» **YOUR TASK**: How many of the lines below contain "where"? Reply with only that figure.

######

text \<open>For every vector x, summing the Rayleigh inequalities
  \<open>\<lambda>(H\<^sup>j) |x\<^sub>j|\<^sup>2 \<le> x\<^sub>j\<^sup>T A(w\<^sub>j) x\<^sub>j\<close> over j gives
  \<open>x\<^sup>T A(w) x \<ge> \<Sum>\<^sub>u \<lambda>(D\<^sub>u) x\<^sub>u\<^sup>2 \<ge> \<lambda>(D) |x|\<^sup>2\<close>.
  Applied to an eigenvector of \<open>\<lambda>(H)\<close> this gives the bound. Equality \<open>\<lambda>(H) = \<lambda>(D)\<close>
  means that some nonzero x makes every one of these inequalities tight, and a Rayleigh
  inequality is tight exactly at eigenvectors of the smallest eigenvalue; tightness of the
  middle inequality is condition (1). The Rayleigh characterisation of the smallest
  eigenvalue itself comes from minimising the quadratic form over the compact unit sphere.\<close>

definition dot :: "'a set \<Rightarrow> ('a \<Rightarrow> real) \<Rightarrow> ('a \<Rightarrow> real) \<Rightarrow> real" where
  "dot V x y = (\<Sum>v\<in>V. x v * y v)"

definition quad_form :: "'a set \<Rightarrow> ('a \<Rightarrow> 'a \<Rightarrow> real) \<Rightarrow> ('a \<Rightarrow> real) \<Rightarrow> real" where
  "quad_form V w x = dot V x (adj_apply V w x)"

subsection \<open>Inner product and quadratic form\<close>

lemma dot_commute: "dot V x y = dot V y x"
  unfolding dot_def by (simp add: mult.commute)

lemma dot_self_nonneg: "dot V x x \<ge> 0"
  unfolding dot_def by (simp add: sum_nonneg)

######

» **YOUR RESPONSE**: 2